Choices of the Heart (1983)
Being on the set of Choices of the Heart was like stepping into a time machine. We filmed both interiors and exteriors dressed for 1913, New York and everywhere you looked there was poverty, soot, and period detail. Women with weary faces and armfuls of children, extras trudging in tattered coats, and lighting so dim it felt like gas lamps.
One scene in particular has stayed with me, a failed attempt to save both mother and child during childbirth. It was brutal to watch, even as fiction. The set was drenched in red light and shadow, a visual echo of the women’s grim reality in those years, a world where giving life too often meant losing it.
At that time in history, birth control was illegal in the U.S., women were having babies practically every nine months, and families were struggling to feed them. Into that bleak reality walked Margaret Sanger, played by Dana Delany,a nurse who defied Anthony Comstock’s “morality laws” to bring education and contraception to those who needed it most.
In 1873, Congress passed a law outlawing the distribution, sale, mailing and possession of “obscene” materials, including contraception.

The Comstock Act, as it became known, was named after Anthony Comstock, an anti-vice crusader who later became a special agent to the U.S. Post Office, giving him the power to enforce the law.

Rod Steiger played Anthony Comstock, the real-life postal inspector who fought to suppress birth control information and gave his name to the Comstock Laws. Henry Czerny played Margaret Sanger’s husband.

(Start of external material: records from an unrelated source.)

lemma B_eq_0_if_rng_finite_src_inf:
  assumes e: "(j, l, m) \<in> kep_edges N A"
    and j_fin: "j \<notin> inf_vertices N A B" and l_inf: "l \<in> inf_vertices N A B"
  shows "B j l = 0"
proof -
  have j: "j \<in> {1..N}" and m: "m < A j l"
    using e by (auto simp: kep_edges_def)
  obtain x y where xy: "x \<noteq> y" "((x, j), (y, j)) \<in> kep_rel N A B"
    using finite_G_B_iso_iff[OF j] j_fin j by (auto simp: inf_vertices_def)
  have rng: "rng (j, l, m) = j" by (simp add: rng_def)
  note compat = kep_rel_edge[OF xy(2) e rng]
  have "kep_edge_res A B x (j, l, m) = kep_edge_res A B y (j, l, m)"
    using inf_vertices_kep_rel_eq[OF l_inf] compat(2) by (simp add: src_def)
  with kep_edge_act_res_cancel[OF m compat(1)] have "x * B j l = y * B j l" .
  then show ?thesis using xy(1) by simp
qed

definition tame :: "nat \<Rightarrow> (nat \<Rightarrow> nat \<Rightarrow> nat) \<Rightarrow> (nat \<Rightarrow> nat \<Rightarrow> int) \<Rightarrow> int \<times> nat \<Rightarrow> bool" where
  "tame N A B h \<longleftrightarrow> snd h \<in> {1..N} \<and> (snd h \<notin> inf_vertices N A B \<or> fst h = 0)"

lemma finite_tame_classes: "finite ((\<lambda>h. kep_rel N A B `` {h}) ` Collect (tame N A B))"
proof (rule finite_subset)
  show "(\<lambda>h. kep_rel N A B `` {h}) ` Collect (tame N A B) \<subseteq>
      (\<Union>j\<in>{1..N} - inf_vertices N A B. G_B_iso N A B j) \<union> (\<lambda>l. kep_rel N A B `` {(0, l)}) ` {1..N}"
    by (auto simp: tame_def G_B_iso_eq)
  show "finite ((\<Union>j\<in>{1..N} - inf_vertices N A B. G_B_iso N A B j) \<union> (\<lambda>l. kep_rel N A B `` {(0, l)}) ` {1..N})"
    by (auto simp: inf_vertices_def)
qed

lemma tame_kep_restr_edge:
  assumes h: "tame N A B h" and e: "e \<in> kep_edges N A" "rng e = snd h"
  shows "tame N A B (kep_edge_res A B (fst h) e, src e)"
proof -
  have "kep_edge_res A B (fst h) e = 0" if src_inf: "src e \<in> inf_vertices N A B"
  proof (cases "fst h = 0")
    case False
    then have "rng e \<notin> inf_vertices N A B"
      using h e(2) by (simp add: tame_def)
    then have "B (rng e) (src e) = 0"
      using B_eq_0_if_rng_finite_src_inf e(1) src_inf by (cases e) (auto simp: rng_def src_def)
    then show ?thesis using kep_edge_res_eq_0 e(1) by blast
  qed (use kep_edge_res_eq_0 e(1) in blast)
  then show ?thesis using e(1) src_kep_edges by (auto simp: tame_def)
qed

lemma tame_kep_restr:
  "tame N A B h \<Longrightarrow> \<mu> \<in> paths {1..N} (kep_edges N A) (snd h) k \<Longrightarrow> tame N A B (kep_restr A B h \<mu>)"
proof (induction \<mu> arbitrary: h k)
  case Nil
  then show ?case by (simp add: kep_restr_def)
next
  case (Cons e \<nu>)
  then obtain k' where "e \<in> kep_edges N A" "rng e = snd h" "\<nu> \<in> paths {1..N} (kep_edges N A) (src e) k'"
    using paths_Cons[OF src_kep_edges] by blast
  then show ?case
    using Cons.IH tame_kep_restr_edge[OF Cons.prems(1)] by (simp add: kep_restr_Cons)
qed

We shot many night exteriors in Toronto’s Distillery District, whose cobblestone streets and nineteenth-century warehouses were perfect for 1913 New York. It was eerie: as soon as the extras filled the frame, the illusion became complete — mud, rags, hungry faces, prams and coal smoke.
Working with Rod Steiger was… complicated. Sometimes frightening. He was a towering presence, fiercely intelligent, and never shy about his opinions. For reasons I never fully understood, he had it in for the director and frequently tried to make me his messenger. “Tell Paul he couldn’t direct his way out of a paper bag,” he’d bark, makeup still being applied. Of course I never delivered the insults verbatim. Continuity may be my job, but diplomacy quickly became part of it.
One running battle was about picking up scenes after lunch. I’d have to approach Mr. Steiger with Director’s requests, and to remind him of continuity details — whether his cane was in his hand or his hat was off. Post-lunch was his least favorite time. He’d roll out miles of insults about the director and I’d quietly return with a heavily edited version. At one point, half-joking, I advised the director to think of Rod Steiger as a cranky child after feeding — full belly, bad mood, ready for a nap.
Another daily ritual: his comments on my clothes. “Don’t you have any real clothes at home? You come to set in your pajamas,” he quipped one morning. He was tough, no question, but I took it with a grain of salt. Over time, I realized we weren’t really experiencing Rod Steiger. We were experiencing Anthony Comstock. Rod stayed in character — grumpy, rigid, moralistic — even between takes.
That’s the magic and the madness of making a period film. You’re not only recreating history; sometimes you’re living inside it, too.